### [What the task asks]
Copy the data that follows, exactly and completely.

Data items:
----------

theorem lemma4p20:
  fixes G :: "'g monoid"
    and X :: "'x set" and Y :: "'y set"
    and \<phi>X :: "'g \<Rightarrow> 'x \<Rightarrow> 'x" and \<phi>Y :: "'g \<Rightarrow> 'y \<Rightarrow> 'y"
    and \<omega> :: "'g \<Rightarrow> 'g \<Rightarrow> 'g \<Rightarrow> 'k::field"
    and \<Psi>X :: "'g \<Rightarrow> 'g \<Rightarrow> 'x \<Rightarrow> 'k" and \<Psi>Y :: "'g \<Rightarrow> 'g \<Rightarrow> 'y \<Rightarrow> 'k"
    and Fo :: "'x gobj \<Rightarrow> 'y gobj" and Fm :: "'x gobj \<Rightarrow> 'x gobj \<Rightarrow> 'k mat \<Rightarrow> 'k mat"
    and s :: "'g gobj \<Rightarrow> 'x gobj \<Rightarrow> 'k mat"
  assumes "alg_closed TYPE('k)"
    and "group G"
    and "normalized_3cocycle G \<omega>"
    and "group_action G X \<phi>X" and "group_action G Y \<phi>Y"
    and "module_cochain G X \<phi>X \<omega> \<Psi>X" and "module_cochain G Y \<phi>Y \<omega> \<Psi>Y"
    and "module_functor G X \<phi>X \<Psi>X Y \<phi>Y \<Psi>Y Fo Fm s"
    and "\<forall>V. gobj X V \<and> simple_obj V \<longrightarrow> simple_obj (Fo V)"
  shows "\<exists>f \<Lambda> Ho Hm sH \<eta>.
           f \<in> X \<rightarrow> Y \<and>
           (\<forall>g\<in>carrier G. \<forall>x\<in>X. f (\<phi>X g x) = \<phi>Y g (f x)) \<and>
           (\<forall>g\<in>carrier G. \<forall>x\<in>X. \<Lambda> g x \<noteq> 0) \<and>
           (\<forall>g\<in>carrier G. \<forall>h\<in>carrier G. \<forall>x\<in>X.
              \<Lambda> h (\<phi>X (inv\<^bsub>G\<^esub> g) x) * inverse (\<Lambda> (g \<otimes>\<^bsub>G\<^esub> h) x) * \<Lambda> g x
              = inverse (\<Psi>X g h x) * \<Psi>Y g h (f x)) \<and>
           module_functor G X \<phi>X \<Psi>X Y \<phi>Y \<Psi>Y Ho Hm sH \<and>
           is_F_f_Lambda G X \<phi>X \<phi>Y f \<Lambda> Ho sH \<and>
           module_functor_iso G X \<phi>X \<phi>Y Fo Fm s Ho Hm sH \<eta>"
proof -
  note F = assms(8)
  have simple: "\<And>V. gobj X V \<Longrightarrow> simple_obj V \<Longrightarrow> simple_obj (Fo V)"
    using assms(9) by blast
  let ?c = "norm_factor Fo Fm"
  let ?Hm = "rescaled_fmap ?c Fm" and ?sH = "rescaled_coh \<phi>X ?c s"
  have c: "\<And>V. gobj X V \<Longrightarrow> ?c V \<noteq> 0"
    using norm_factor_nonzero[OF module_functor_lin[OF F] simple] .
  have H: "module_functor G X \<phi>X \<Psi>X Y \<phi>Y \<Psi>Y Fo ?Hm ?sH"
    using module_functor_rescaled[OF assms(2,4) F c] .
  interpret H: normalized_module_functor G X \<phi>X \<Psi>X Y \<phi>Y \<Psi>Y Fo ?Hm ?sH
    by (rule normalized_module_functor.intro[OF assms(2,4) H simple
          entry_rescaled_unit_mor[OF module_functor_lin[OF F] simple]])
  have "H.coh_scalar h (\<phi>X (inv\<^bsub>G\<^esub> g) x) * inverse (H.coh_scalar (g \<otimes>\<^bsub>G\<^esub> h) x) * H.coh_scalar g x
      = inverse (\<Psi>X g h x) * \<Psi>Y g h (H.fgrade x)"
    if "g \<in> carrier G" "h \<in> carrier G" "x \<in> X" for g h x
  proof -
    have "\<Psi>X g h x \<noteq> 0"
      using assms(6) that unfolding module_cochain_def by blast
    moreover have "H.coh_scalar (g \<otimes>\<^bsub>G\<^esub> h) x \<noteq> 0"
      using H.coh_scalar_nonzero monoid.m_closed[OF group.is_monoid[OF assms(2)]] that by blast
    ultimately show ?thesis
      using H.coh_scalar_cocycle[OF that] by (simp add: field_simps)
  qed
  then show ?thesis
    using H.fgrade_in H.fgrade_equivariant H.coh_scalar_nonzero H H.is_F_f_Lambda
      module_functor_iso_rescaled[OF assms(4) F c]
    by (intro exI[of _ H.fgrade] exI[of _ H.coh_scalar] exI[of _ Fo] exI[of _ ?Hm] exI[of _ ?sH]
        exI[of _ "\<lambda>V. mscale (?c V) (mid (Fo V))"]) auto
qed

end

----------

### [Answer to the problem]
theorem lemma4p20:
  fixes G :: "'g monoid"
    and X :: "'x set" and Y :: "'y set"
    and \<phi>X :: "'g \<Rightarrow> 'x \<Rightarrow> 'x" and \<phi>Y :: "'g \<Rightarrow> 'y \<Rightarrow> 'y"
    and \<omega> :: "'g \<Rightarrow> 'g \<Rightarrow> 'g \<Rightarrow> 'k::field"
    and \<Psi>X :: "'g \<Rightarrow> 'g \<Rightarrow> 'x \<Rightarrow> 'k" and \<Psi>Y :: "'g \<Rightarrow> 'g \<Rightarrow> 'y \<Rightarrow> 'k"
    and Fo :: "'x gobj \<Rightarrow> 'y gobj" and Fm :: "'x gobj \<Rightarrow> 'x gobj \<Rightarrow> 'k mat \<Rightarrow> 'k mat"
    and s :: "'g gobj \<Rightarrow> 'x gobj \<Rightarrow> 'k mat"
  assumes "alg_closed TYPE('k)"
    and "group G"
    and "normalized_3cocycle G \<omega>"
    and "group_action G X \<phi>X" and "group_action G Y \<phi>Y"
    and "module_cochain G X \<phi>X \<omega> \<Psi>X" and "module_cochain G Y \<phi>Y \<omega> \<Psi>Y"
    and "module_functor G X \<phi>X \<Psi>X Y \<phi>Y \<Psi>Y Fo Fm s"
    and "\<forall>V. gobj X V \<and> simple_obj V \<longrightarrow> simple_obj (Fo V)"
  shows "\<exists>f \<Lambda> Ho Hm sH \<eta>.
           f \<in> X \<rightarrow> Y \<and>
           (\<forall>g\<in>carrier G. \<forall>x\<in>X. f (\<phi>X g x) = \<phi>Y g (f x)) \<and>
           (\<forall>g\<in>carrier G. \<forall>x\<in>X. \<Lambda> g x \<noteq> 0) \<and>
           (\<forall>g\<in>carrier G. \<forall>h\<in>carrier G. \<forall>x\<in>X.
              \<Lambda> h (\<phi>X (inv\<^bsub>G\<^esub> g) x) * inverse (\<Lambda> (g \<otimes>\<^bsub>G\<^esub> h) x) * \<Lambda> g x
              = inverse (\<Psi>X g h x) * \<Psi>Y g h (f x)) \<and>
           module_functor G X \<phi>X \<Psi>X Y \<phi>Y \<Psi>Y Ho Hm sH \<and>
           is_F_f_Lambda G X \<phi>X \<phi>Y f \<Lambda> Ho sH \<and>
           module_functor_iso G X \<phi>X \<phi>Y Fo Fm s Ho Hm sH \<eta>"
proof -
  note F = assms(8)
  have simple: "\<And>V. gobj X V \<Longrightarrow> simple_obj V \<Longrightarrow> simple_obj (Fo V)"
    using assms(9) by blast
  let ?c = "norm_factor Fo Fm"
  let ?Hm = "rescaled_fmap ?c Fm" and ?sH = "rescaled_coh \<phi>X ?c s"
  have c: "\<And>V. gobj X V \<Longrightarrow> ?c V \<noteq> 0"
    using norm_factor_nonzero[OF module_functor_lin[OF F] simple] .
  have H: "module_functor G X \<phi>X \<Psi>X Y \<phi>Y \<Psi>Y Fo ?Hm ?sH"
    using module_functor_rescaled[OF assms(2,4) F c] .
  interpret H: normalized_module_functor G X \<phi>X \<Psi>X Y \<phi>Y \<Psi>Y Fo ?Hm ?sH
    by (rule normalized_module_functor.intro[OF assms(2,4) H simple
          entry_rescaled_unit_mor[OF module_functor_lin[OF F] simple]])
  have "H.coh_scalar h (\<phi>X (inv\<^bsub>G\<^esub> g) x) * inverse (H.coh_scalar (g \<otimes>\<^bsub>G\<^esub> h) x) * H.coh_scalar g x
      = inverse (\<Psi>X g h x) * \<Psi>Y g h (H.fgrade x)"
    if "g \<in> carrier G" "h \<in> carrier G" "x \<in> X" for g h x
  proof -
    have "\<Psi>X g h x \<noteq> 0"
      using assms(6) that unfolding module_cochain_def by blast
    moreover have "H.coh_scalar (g \<otimes>\<^bsub>G\<^esub> h) x \<noteq> 0"
      using H.coh_scalar_nonzero monoid.m_closed[OF group.is_monoid[OF assms(2)]] that by blast
    ultimately show ?thesis
      using H.coh_scalar_cocycle[OF that] by (simp add: field_simps)
  qed
  then show ?thesis
    using H.fgrade_in H.fgrade_equivariant H.coh_scalar_nonzero H H.is_F_f_Lambda
      module_functor_iso_rescaled[OF assms(4) F c]
    by (intro exI[of _ H.fgrade] exI[of _ H.coh_scalar] exI[of _ Fo] exI[of _ ?Hm] exI[of _ ?sH]
        exI[of _ "\<lambda>V. mscale (?c V) (mid (Fo V))"]) auto
qed

end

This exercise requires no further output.